# My First ever project...ever



## Flamingsupernova (May 22, 2007)

Hey whats up.
I'm a pretty young guy, and this is my first ever project.
Ive been really excited about this for ages, and did alot of research into every area i could, someone might have seen me ask noobish questions around TPU sometime in the last month 

Here is what I'm planning to get:
...............................................................
Gigabyte Ga-N680SLi-DQ6
Intel E6700
Corsair 2gb Twin 6400C4 Pro memory (4-4-4-12)
2x W.D 160gb 7200rpm SATA2 HDD's in RAID 0
Gigabyte 8800gts
Logitech G5 gaming laser mouse
Logitech G15 Gaming Keyboard
................................................................

Any comments on my choices? I've done alot of research on it, but i havent had too much experience on building new computers, and how to take the fullest advantage i can get over them.

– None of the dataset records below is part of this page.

(* Let $X,Y$ be non-empty subsets of $\mathbb{R}^2$, let $\eta\in\mathbb{R}\setminus\{0\}$, $\xi\in\mathbb{N}^*$, $\varepsilon>0$ and $A\in\mathrm{SL}(2,\mathbb{Z})$. If $Y\subseteq B_\varepsilon(X)$, then $A\circ J_{\eta,\xi}\circ A^{-1}(Y)\subseteq B_\varepsilon(\mathrm{Str}(X,A(0,\eta)))$.
   Context: $B_\varepsilon(Z)$ is the open $\varepsilon$-neighbourhood of $Z$. $\mathrm{Str}(X,w)=X+[-w,w]$ (Minkowski sum with the segment joining $-w$ and $w$). For $\xi\in\mathbb{N}^*$, $\phi_\xi(x)=(-1)^{z+1}(4\xi x-2z-1)$ for $z\in\mathbb{Z}$, $x\in[\frac{z}{2\xi},\frac{z+1}{2\xi})$, and $J_{\eta,\xi}(x,y)=(x,y+\eta\phi_\xi(x))$. *)

theory Defs
  imports "HOL-Analysis.Analysis"
begin

definition nbhd :: "real \<Rightarrow> (real^2) set \<Rightarrow> (real^2) set" where
  "nbhd \<epsilon> Z = {y. \<exists>x\<in>Z. dist y x < \<epsilon>}"

definition Str :: "(real^2) set \<Rightarrow> real^2 \<Rightarrow> (real^2) set" where
  "Str X w = {x + s | x s. x \<in> X \<and> s \<in> closed_segment (-w) w}"

text \<open>phi_xi(x) = (-1)^(z+1) (4 xi x - 2z - 1) where z is the unique integer with
  x in [z/(2 xi), (z+1)/(2 xi)), i.e. z = floor(2 xi x).\<close>
definition phi :: "nat \<Rightarrow> real \<Rightarrow> real" where
  "phi \<xi> x = (let z = \<lfloor>2 * real \<xi> * x\<rfloor> in
     (-1) powi (z + 1) * (4 * real \<xi> * x - 2 * of_int z - 1))"

definition J :: "real \<Rightarrow> nat \<Rightarrow> real^2 \<Rightarrow> real^2" where
  "J \<eta> \<xi> v = vector [v$1, v$2 + \<eta> * phi \<xi> (v$1)]"

definition real_mat :: "int^2^2 \<Rightarrow> real^2^2" where
  "real_mat A = (\<chi> i j. real_of_int (A$i$j))"

end

theory Submission
  imports Defs
begin

text \<open>Conjugated by a real matrix \<open>B\<close>, the map \<open>J\<close> moves every point \<open>y\<close> by
  \<open>t *\<^sub>R B (0, \<eta>)\<close> with \<open>t = phi \<xi> (\<dots>)\<close>, and \<open>|phi| \<le> 1\<close> puts this displacement in the
  segment \<open>[-B (0, \<eta>), B (0, \<eta>)]\<close>. A point within \<open>\<epsilon>\<close> of \<open>x \<in> X\<close> therefore lands
  within \<open>\<epsilon>\<close> of \<open>x + t *\<^sub>R B (0, \<eta>) \<in> Str X (B (0, \<eta>))\<close>.\<close>

lemma abs_phi_le_1: "\<bar>phi \<xi> x\<bar> \<le> 1"
proof -
  define z where "z = \<lfloor>2 * real \<xi> * x\<rfloor>"
  have "of_int z \<le> 2 * real \<xi> * x" "2 * real \<xi> * x < of_int z + 1"
    unfolding z_def by linarith+
  then have "\<bar>4 * real \<xi> * x - 2 * of_int z - 1\<bar> \<le> 1"
    by linarith
  moreover have "\<bar>(-1::real) powi (z + 1)\<bar> = 1"
    by (simp add: power_int_abs)
  ultimately show ?thesis
    unfolding phi_def Let_def z_def[symmetric] abs_mult by simp
qed

lemma J_eq_add_scaleR: "J \<eta> \<xi> v = v + phi \<xi> (v$1) *\<^sub>R vector [0, \<eta>]"
  unfolding J_def by (simp add: vec_eq_iff forall_2 vector_2)

lemma det_real_mat: "det (real_mat A) = real_of_int (det A)"
  unfolding det_2 real_mat_def by simp

lemma matrix_mul_matrix_inv_right:
  fixes A :: "'a::semiring_1^'n^'m"
  assumes "invertible A"
  shows "A ** matrix_inv A = mat 1"
  using assms unfolding invertible_def matrix_inv_def by (rule someI_ex[THEN conjunct1])

lemma matrix_vector_mul_matrix_inv_cancel:
  fixes A :: "'a::comm_semiring_1^'n^'m"
  assumes "invertible A"
  shows "A *v (matrix_inv A *v y) = y"
  by (simp add: matrix_vector_mul_assoc matrix_mul_matrix_inv_right[OF assms])

lemma conjugate_J_eq:
  fixes B :: "real^2^2"
  assumes "invertible B"
  shows "B *v J \<eta> \<xi> (matrix_inv B *v y)
           = y + phi \<xi> ((matrix_inv B *v y)$1) *\<^sub>R (B *v vector [0, \<eta>])"
  by (simp add: J_eq_add_scaleR matrix_vector_right_distrib matrix_vector_mult_scaleR
      matrix_vector_mul_matrix_inv_cancel[OF assms])

lemma scaleR_in_closed_segment_neg:
  fixes w :: "'a::real_vector"
  assumes "\<bar>t\<bar> \<le> 1"
  shows "t *\<^sub>R w \<in> closed_segment (-w) w"
proof -
  have "t *\<^sub>R w = (1 - (1 + t) / 2) *\<^sub>R (-w) + ((1 + t) / 2) *\<^sub>R w"
    by (simp add: scaleR_diff_left[symmetric] add_divide_distrib[symmetric])
  then show ?thesis
    unfolding in_segment using assms by (intro exI[of _ "(1 + t) / 2"]) auto
qed

lemma add_scaleR_in_nbhd_Str:
  assumes "y \<in> nbhd \<epsilon> X" and "\<bar>t\<bar> \<le> 1"
  shows "y + t *\<^sub>R w \<in> nbhd \<epsilon> (Str X w)"
proof -
  obtain x where "x \<in> X" and "dist y x < \<epsilon>"
    using assms(1) unfolding nbhd_def by blast
  moreover have "x + t *\<^sub>R w \<in> Str X w"
    unfolding Str_def using \<open>x \<in> X\<close> scaleR_in_closed_segment_neg[OF assms(2)] by blast
  moreover have "dist (y + t *\<^sub>R w) (x + t *\<^sub>R w) < \<epsilon>"
    using \<open>dist y x < \<epsilon>\<close> by (simp add: dist_norm)
  ultimately show ?thesis
    unfolding nbhd_def by blast
qed

theorem mainTheorem13:
  fixes X Y :: "(real^2) set" and \<eta> \<epsilon> :: real and \<xi> :: nat and A :: "int^2^2"
  assumes "X \<noteq> {}" and "Y \<noteq> {}"
    and "\<eta> \<noteq> 0" and "\<xi> \<ge> 1" and "\<epsilon> > 0"
    and "det A = 1"
    and "Y \<subseteq> nbhd \<epsilon> X"
  shows "(\<lambda>y. real_mat A *v J \<eta> \<xi> (matrix_inv (real_mat A) *v y)) ` Y
           \<subseteq> nbhd \<epsilon> (Str X (real_mat A *v vector [0, \<eta>]))"
proof clarify
  have "invertible (real_mat A)"
    using \<open>det A = 1\<close> by (simp add: invertible_det_nz det_real_mat)
  fix y assume "y \<in> Y"
  show "real_mat A *v J \<eta> \<xi> (matrix_inv (real_mat A) *v y)
          \<in> nbhd \<epsilon> (Str X (real_mat A *v vector [0, \<eta>]))"
    unfolding conjugate_J_eq[OF \<open>invertible (real_mat A)\<close>]
    using \<open>y \<in> Y\<close> \<open>Y \<subseteq> nbhd \<epsilon> X\<close> by (intro add_scaleR_in_nbhd_Str abs_phi_le_1) auto
qed

end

Anything would be helpful, thanks.


----------



## Grings (May 22, 2007)

a single 320gb hard drive would probably be faster as they use higher density platters, and if i were to buy that high end mobo and chip, id spend the extra on pc8000 or faster ram, plus id go for an evga/bfg/xfx 8800gts, just for the longer warranties they offer

and dont skimp on the psu!


----------



## Flamingsupernova (May 22, 2007)

i dont think it supports faster RAM, im not to sure, as the new revisions should be coming shortly.
Why would i need a longer warranty? would it just be for safety, or are the 8800's known for breaking down/melting/exploding? 
oh yeah, whats a platter and why woulder higher density be better? would it also work as well as two that are working together?


----------



## Grings (May 22, 2007)

they do support faster ram, all (or at least nearly all) c2d motherboards do, as for a warranty, well its just reassuring thats all, there dosent seem to be any problems with 8800's though, if there was it would be common knowlege, and every forum would be chock full of ranting owners, and hard drives do seem to be higher speed the larger the platter (which is the actual hard disk itself, some drives use more platters than others for example my samsung is 250gb, which consists of 2x125gb platters each with its own read head (think record needle), wheras older drives used 3 or 4 platters to make up the full size)


----------



## Flamingsupernova (May 22, 2007)

does that mean you hypothetically have RAID 0 going the second you install? or am i just stupid.


----------



## Flamingsupernova (May 22, 2007)

what is a C2D board anyway?


----------



## Grings (May 22, 2007)

c2d = core 2 duo, like an intel e6700 ,lol


----------



## Wile E (May 22, 2007)

Grings said:


> a single 320gb hard drive would probably be faster as they use higher density platters, and if i were to buy that high end mobo and chip, id spend the extra on pc8000 or faster ram, plus id go for an evga/bfg/xfx 8800gts, just for the longer warranties they offer
> 
> and dont skimp on the psu!


A single 320GB is faster than the single 160GB, but not faster than 2 160GB drives in a RAID 0. My Seagate pulls 64MB/s in HDTach, but I'm usually beaten by even 2 80GB SATA drives in a RAID 0 on a decent controller.


----------



## Grings (May 22, 2007)

the guys not built before though, and raid can be an arse, for the price of 2 160gb wd's, id just get a samsung HD501LJ (500gb) theyre very quick, and very quiet, in a write up in custompc they were quicker than raptorx's at game level loading, and nearly as quick in their paintshop test


----------



## Flamingsupernova (May 27, 2007)

Any other comments at all?


----------



## Flamingsupernova (May 27, 2007)

what power should my PSU be, and does anyone know i the board supports DDR2 1066Mhz RAM?


----------